__Exercise directions__: Nothing but the lines from the one containing "2)) = c / sqrt" through the end of the data should be output, each reproduced exactly.
*** Opening Data for review ***
lemma QOT_optimizer_graph_tube_radius_ge:
  fixes \<mu> \<nu> :: "'a::euclidean_space measure"
  assumes prob: "prob_space \<mu>" "prob_space \<nu>" and sets: "sets \<mu> = sets borel" "sets \<nu> = sets borel"
    and \<nu>_bound: "\<And>B. B \<in> sets borel \<Longrightarrow> emeasure \<nu> B \<le> ennreal lam * emeasure lborel B"
    and T: "continuous_on UNIV T"
    and opt: "is_QOT_optimizer \<epsilon> \<mu> \<nu> \<pi>" and \<epsilon>: "0 < \<epsilon>"
    and gap: "0 < QOT_gap \<epsilon> \<mu> \<nu>" "QOT_gap \<epsilon> \<mu> \<nu> \<le> C * \<epsilon> powr (2 / (2 + real DIM('a)))"
    and tube: "spt \<pi> \<subseteq> graph_tube T r"
  shows "(2 * lam * measure lborel (ball (0::'a) 1) * C) powr (- 1 / real DIM('a))
           * \<epsilon> powr (1 / (real DIM('a) + 2)) \<le> r"
proof -
  let ?d = "DIM('a)"
  let ?\<omega> = "measure lborel (ball (0::'a) 1)"
  define m where "m = measure (\<mu> \<Otimes>\<^sub>M \<nu>) (graph_tube T r)"
  interpret P: prob_space "\<mu> \<Otimes>\<^sub>M \<nu>" using prob by (rule prob_space_pair)
  have "QOT \<epsilon> \<mu> \<nu> \<noteq> \<infinity>"
    using gap(1) enn2real_nonneg[of "OT \<mu> \<nu>"] unfolding QOT_gap_def by fastforce
  then have mass: "\<epsilon> / 2 \<le> QOT_gap \<epsilon> \<mu> \<nu> * m"
    using open_graph_tube[OF T] tube unfolding m_def
    by (intro QOT_gap_mult_measure_ge[OF prob sets opt \<epsilon>]) auto
  then have "0 < QOT_gap \<epsilon> \<mu> \<nu> * m" using \<epsilon> by linarith
  then have "0 < m" using gap(1) by (rule zero_less_mult_pos)
  then have "graph_tube T r \<noteq> {}" by (auto simp: m_def)
  then have "0 < r" by (auto simp: graph_tube_def intro: le_less_trans[OF norm_ge_zero])
  then have "ennreal m \<le> ennreal (lam * r ^ ?d * ?\<omega>)"
    using emeasure_pair_graph_tube_le[OF prob sets \<nu>_bound T]
    by (simp add: m_def P.emeasure_eq_measure)
  then have "m \<le> lam * r ^ ?d * ?\<omega>"
    using \<open>0 < m\<close> by (simp add: ennreal_le_iff2)
  then have "QOT_gap \<epsilon> \<mu> \<nu> * m \<le> C * \<epsilon> powr (2 / (2 + real ?d)) * (lam * r ^ ?d * ?\<omega>)"
    using gap \<open>0 < m\<close> by (intro mult_mono) auto
  then have "\<epsilon> \<le> 2 * (C * \<epsilon> powr (2 / (2 + real ?d)) * (lam * r ^ ?d * ?\<omega>))"
    using mass by linarith
  also have "\<dots> = (2 * lam * ?\<omega> * C) * r ^ ?d * \<epsilon> powr (2 / (2 + real ?d))"
    by (simp only: mult_ac)
  finally show ?thesis
    using \<epsilon> \<open>0 < r\<close> by (intro powr_root_le_if_le_mult_power) simp_all
qed

theorem corollary3p7:
  fixes \<mu> \<nu> :: "'a::euclidean_space measure"
    and \<Omega> :: "'a set" and \<rho> :: "'a \<Rightarrow> real"
    and lam_mu_low lam_mu_up lam_nu L C_val :: real
    and \<phi> :: "'a \<Rightarrow> real" and T :: "'a \<Rightarrow> 'a"
    and \<epsilon> :: real and \<pi> :: "('a \<times> 'a) measure"
  assumes mu_prob: "prob_space \<mu>" and nu_prob: "prob_space \<nu>"
    and nu_borel: "sets \<nu> = sets borel"
    (* (a) *)
    and Omega_open: "open \<Omega>" and Omega_bounded: "bounded \<Omega>"
    and Omega_conn: "connected \<Omega>" and Omega_lip: "lipschitz_domain \<Omega>"
    and Omega_ball: "\<Omega> \<subseteq> ball 0 1"
    and rho_meas: "\<rho> \<in> borel_measurable borel"
    and mu_dens: "\<mu> = density lborel (\<lambda>x. ennreal (\<rho> x * indicator \<Omega> x))"
    and lam_mu_pos: "0 < lam_mu_low" and lam_mu_le: "lam_mu_low \<le> lam_mu_up"
    and rho_bounds: "AE x in lborel. x \<in> \<Omega> \<longrightarrow> lam_mu_low \<le> \<rho> x \<and> \<rho> x \<le> lam_mu_up"
    (* (b) *)
    and nu_ac: "absolutely_continuous lborel \<nu>"
    and nu_spt: "spt \<nu> \<subseteq> ball 0 1"
    and nu_dens: "AE y in lborel. y \<in> spt \<nu> \<longrightarrow> RN_deriv lborel \<nu> y \<le> ennreal lam_nu"
    (* (c) Brenier map T = grad phi, phi convex, T_# mu = nu, T L-Lipschitz *)
    and phi_convex: "convex_on UNIV \<phi>"
    and T_grad: "\<And>x. (\<phi> has_derivative (\<lambda>h. T x \<bullet> h)) (at x)"
    and T_push: "distr \<mu> borel T = \<nu>"
    and T_lip: "L-lipschitz_on UNIV T"
    (* constant C_val *)
    and C_pos: "0 < C_val"
    and C_val: "\<And>e. 0 < e \<Longrightarrow> e \<le> 1 \<Longrightarrow>
        inverse C_val * e powr (2 / (2 + real DIM('a))) \<le> QOT_gap e \<mu> \<nu> \<and>
        QOT_gap e \<mu> \<nu> \<le> C_val * e powr (2 / (2 + real DIM('a)))"
    (* eps and the optimizer pi_eps *)
    and eps: "0 < \<epsilon>" "\<epsilon> \<le> 1"
    and pi_opt: "is_QOT_optimizer \<epsilon> \<mu> \<nu> \<pi>"
  shows "set_dist (spt \<pi>) (range (\<lambda>x. (x, T x)))
           \<ge> ereal ((2 * lam_nu * (1 + L^2) powr (real DIM('a) / 2)
                      * measure lborel (ball (0::'a) 1) * C_val) powr (- 1 / real DIM('a))
                    * \<epsilon> powr (1 / (real DIM('a) + 2)))
       \<and> (SUP z\<in>spt \<pi>. ereal (norm (snd z - T (fst z))))
           \<ge> ereal ((2 * lam_nu * (1 + L^2) powr (real DIM('a) / 2)
                      * measure lborel (ball (0::'a) 1) * C_val) powr (- 1 / real DIM('a))
                    * \<epsilon> powr (1 / (real DIM('a) + 2)))"
proof -
  let ?d = "DIM('a)"
  define K where "K = 2 * lam_nu * measure lborel (ball (0::'a) 1) * C_val"
  define c where "c = K powr (- 1 / real ?d) * \<epsilon> powr (1 / (real ?d + 2))"
  have sets_\<mu>: "sets \<mu> = sets borel" using mu_dens by simp
  have \<nu>_bound: "\<And>B. B \<in> sets borel \<Longrightarrow> emeasure \<nu> B \<le> ennreal lam_nu * emeasure lborel B"
    using nu_borel nu_ac nu_dens by (rule emeasure_le_mult_lborel_if_RN_deriv_le)
  have gap: "0 < QOT_gap \<epsilon> \<mu> \<nu>" "QOT_gap \<epsilon> \<mu> \<nu> \<le> C_val * \<epsilon> powr (2 / (2 + real ?d))"
    using C_val[OF eps] C_pos eps(1) by (auto intro: less_le_trans[rotated])
  have radius: "c \<le> r" if "spt \<pi> \<subseteq> graph_tube T r" for r
    using QOT_optimizer_graph_tube_radius_ge[OF mu_prob nu_prob sets_\<mu> nu_borel \<nu>_bound
        lipschitz_on_continuous_on[OF T_lip] pi_opt eps(1) gap that]
    by (simp add: c_def K_def)
  have "0 < K"
    using pos_if_emeasure_le_mult_lborel[OF nu_prob nu_borel \<nu>_bound] C_pos
    by (simp add: K_def content_ball_pos)
  then have c_graph: "(2 * lam_nu * (1 + L\<^sup>2) powr (real ?d / 2) * measure lborel (ball (0::'a) 1) * C_val)
      powr (- 1 / real ?d) * \<epsilon> powr (1 / (real ?d + 2)) = c / sqrt (1 + L\<^sup>2)"
    by (simp add: c_def K_def powr_mult powr_powr powr_minus_divide powr_half_sqrt mult_ac)
  have "c / sqrt (1 + L\<^sup>2) \<le> c"
    by (rule divide_left_mono[of 1, simplified]) (simp_all add: c_def add_pos_nonneg)
  show ?thesis
    unfolding c_graph set_dist_def
  proof (intro conjI ereal_le_SUP_if_strict_bounds)
    fix \<delta> assume "\<And>z. z \<in> spt \<pi> \<Longrightarrow> infdist z (range (\<lambda>x. (x, T x))) < \<delta>"
    then have "spt \<pi> \<subseteq> graph_tube T (sqrt (1 + L\<^sup>2) * \<delta>)"
      using lipschitz_norm_diff_lt_infdist_graph[OF T_lip] by (force simp: graph_tube_def)
    moreover have "0 < sqrt (1 + L\<^sup>2)" by (simp add: add_pos_nonneg)
    ultimately show "c / sqrt (1 + L\<^sup>2) \<le> \<delta>"
      using radius by (simp add: pos_divide_le_eq mult.commute)
  next
    fix r assume "\<And>z. z \<in> spt \<pi> \<Longrightarrow> norm (snd z - T (fst z)) < r"
    then have "spt \<pi> \<subseteq> graph_tube T r" by (auto simp: graph_tube_def)
    then show "c / sqrt (1 + L\<^sup>2) \<le> r" using radius \<open>c / sqrt (1 + L\<^sup>2) \<le> c\<close> by fastforce
  qed
qed

end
*** Closing Data for review ***
__Finished exercise__:
      powr (- 1 / real ?d) * \<epsilon> powr (1 / (real ?d + 2)) = c / sqrt (1 + L\<^sup>2)"
    by (simp add: c_def K_def powr_mult powr_powr powr_minus_divide powr_half_sqrt mult_ac)
  have "c / sqrt (1 + L\<^sup>2) \<le> c"
    by (rule divide_left_mono[of 1, simplified]) (simp_all add: c_def add_pos_nonneg)
  show ?thesis
    unfolding c_graph set_dist_def
  proof (intro conjI ereal_le_SUP_if_strict_bounds)
    fix \<delta> assume "\<And>z. z \<in> spt \<pi> \<Longrightarrow> infdist z (range (\<lambda>x. (x, T x))) < \<delta>"
    then have "spt \<pi> \<subseteq> graph_tube T (sqrt (1 + L\<^sup>2) * \<delta>)"
      using lipschitz_norm_diff_lt_infdist_graph[OF T_lip] by (force simp: graph_tube_def)
    moreover have "0 < sqrt (1 + L\<^sup>2)" by (simp add: add_pos_nonneg)
    ultimately show "c / sqrt (1 + L\<^sup>2) \<le> \<delta>"
      using radius by (simp add: pos_divide_le_eq mult.commute)
  next
    fix r assume "\<And>z. z \<in> spt \<pi> \<Longrightarrow> norm (snd z - T (fst z)) < r"
    then have "spt \<pi> \<subseteq> graph_tube T r" by (auto simp: graph_tube_def)
    then show "c / sqrt (1 + L\<^sup>2) \<le> r" using radius \<open>c / sqrt (1 + L\<^sup>2) \<le> c\<close> by fastforce
  qed
qed

end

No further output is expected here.